Task 4 (Optional): Combining, Matching, and Publishing New Set of Data
Over time, you will want to add more data to the MDS repository. Before adding data, it can be useful to compare the new data to the data that’s already managed in MDS, to ensure that you are not adding duplicate or inaccurate data. In the Master Data Services Add-in for Excel, you can combine data from two worksheets and the compare the data to identify and remove duplicates before publishing the data to MDS. The matching feature of MDS Excel Add-in uses the DQS matching functionality to identify matches in the data. In this task, you will combine data from a two worksheets into one and then perform the matching activity to identify and remove duplicates before publishing to MDS. See Data Quality Matching in the MDS Add-in for Excel and Combine Data topics for more details.
Launch new instance of Excel. Click Start, point to Run, type Excel, and click OK.
Switch to the Master Data tab by clicking Master Data on the menu bar.
Click Connect on the ribbon in the Connect and Load group to connect to the MDS server. You have configured this connection earlier in this lesson.
You should see the Master Data Explorer pane to the right. If you do not see the Master Data Explorer, click Show Explorer button on the ribbon.
In the Master Data Explorer Window, select Suppliers in the drop-down list for the Model. You should see that the model has one entity: Supplier.
Double-click Supplier in the entity list to load the entity members into the Excel worksheet.
Click Sheet2 at the bottom to switch to the Sheet2 tab. If you do not see Sheet2, add a new worksheet.
Open Suppliers.xls file (the original input file that is included in the tutorial files) and copy all (three) rows from the CombineAndCleanse worksheet to Sheet2.
Switch back to the Supplier sheet in the Book 1 – Microsoft Excel (not the Cleansed and Matched Supplier List Excel) that is connected to MDS.
Click Master Data on the menu bar.
Click Combine Data on the ribbon. You will see the Combine Data dialog box.
In the Combine Data dialog box, click the button next to Range to combine with MDS data text box as shown in the following image.
You should see the shrunken dialog box now. Now, click Sheet2 to switch to the Sheet2 tab that has the new supplier data with 4 rows (including one header row).
In the Sheet2, select all rows including the header row (even if they seem to be already selected). You should see the Range to combine with MDS data is automatically updated.
Switch back to the Suppliers tab without closing the Combine Data dialog box.
Click the button next to the text box. You should see that the dialog box is expanded now. You should see all the mappings between columns of the Supplier MDS entity to Excel columns are automatically populated.
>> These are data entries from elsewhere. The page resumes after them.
text \<open>Expanding \<open>v\<close> in the old basis and each old basis vector in the new one expresses \<open>v\<close>
  in the new basis; duality identifies the coefficients.\<close>

lemma coord_basis_change:
  assumes B: "coord_basis d e x"
    and lin: "\<And>i. i \<in> {1..d} \<Longrightarrow> lin_fun (x' i)"
    and dual: "\<And>i j. i \<in> {1..d} \<Longrightarrow> j \<in> {1..d} \<Longrightarrow> x' i (e' j) = (if i = j then 1 else 0)"
    and span: "\<And>k. k \<in> {1..d} \<Longrightarrow> \<exists>m. e k = (\<lambda>t. \<Sum>j=1..d. m j * e' j t)"
  shows "coord_basis d e' x'"
  unfolding coord_basis_def
proof (intro conjI ballI allI)
  fix v
  obtain M where M: "\<And>k. k \<in> {1..d} \<Longrightarrow> e k = (\<lambda>t. \<Sum>j=1..d. M k j * e' j t)"
    using span by metis
  define w where "w j = (\<Sum>k=1..d. x k v * M k j)" for j
  have v: "v = (\<lambda>t. \<Sum>j=1..d. w j * e' j t)"
  proof
    fix t
    have "v t = (\<Sum>k=1..d. x k v * (\<Sum>j=1..d. M k j * e' j t))"
      unfolding coord_basis_expansion[OF B, of v t] by (intro sum.cong refl) (simp add: M)
    also have "\<dots> = (\<Sum>j=1..d. w j * e' j t)"
      unfolding w_def sum_distrib_left sum_distrib_right by (subst sum.swap) (simp add: mult.assoc)
    finally show "v t = (\<Sum>j=1..d. w j * e' j t)" .
  qed
  have "x' i v = w i" if i: "i \<in> {1..d}" for i
  proof -
    have "x' i v = (\<Sum>j=1..d. w j * x' i (e' j))"
      by (subst v) (simp add: lin_fun_sum[OF lin[OF i]])
    also have "\<dots> = (\<Sum>j=1..d. if j = i then w j else 0)"
      by (rule sum.cong) (simp_all add: dual[OF i])
    also have "\<dots> = w i"
      using i by simp
    finally show ?thesis .
  qed
  then show "v = (\<lambda>t. \<Sum>i=1..d. x' i v * e' i t)"
    by (subst v) simp
qed (use lin dual in auto)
Ensure that Code entity column is mapped to the SupplierID column in the worksheet and Zip Code entity column is mapped to the Zip Code column in the worksheet.
On the Combine Data dialog box, click Combine.
Confirm that three data rows are added to the bottom of the worksheet and they should be color coded.
Click Math Data on the ribbon to identify duplicates. This feature uses the matching functionality of DQS.
In the Match Data dialog box, select Suppliers for DQS Knowledge Base.
Map worksheet columns to domains as shown in the following table.
Worksheet Column
Domain
Code (you uploaded Supplier ID as the Code for the Supplier entity in MDS)
Supplier ID
Name (you uploaded Supplier Name as the Name for the Supplier entity to MDS)
Supplier Name
ContactEmailAddress
ContactEmail
Select Prerequisite for the Code column mapping.
Enter 70% as the weight for Supplier Name and 30% as the weight for Contact Email as shown in the image.
Click OK.
The matching process should identify one duplicate for the supplier with Code: S1.
Select the duplicate row (orange), right-click, and click Delete to delete the row.
Delete the CLUSTER_ID column since you don’t need it anymore.
Click Publish to publish the other two new records with Codes S66 and S57 to MDS.
In the Publish and Annotate dialog box, add an annotation, and click Publish.
Switch to the Master Data Manager Web application.
On the home page, ensure that Suppliers is selected for the Model, and click Explorer. If you already have the Explorer open, refresh the internet browser.
Sort the list by Code and look for records with S57 and S66 as codes. You can also use the Filter button on the toolbar to search for a specific record in the list.
Now, close Book1 – Microsoft Excel window without saving the file.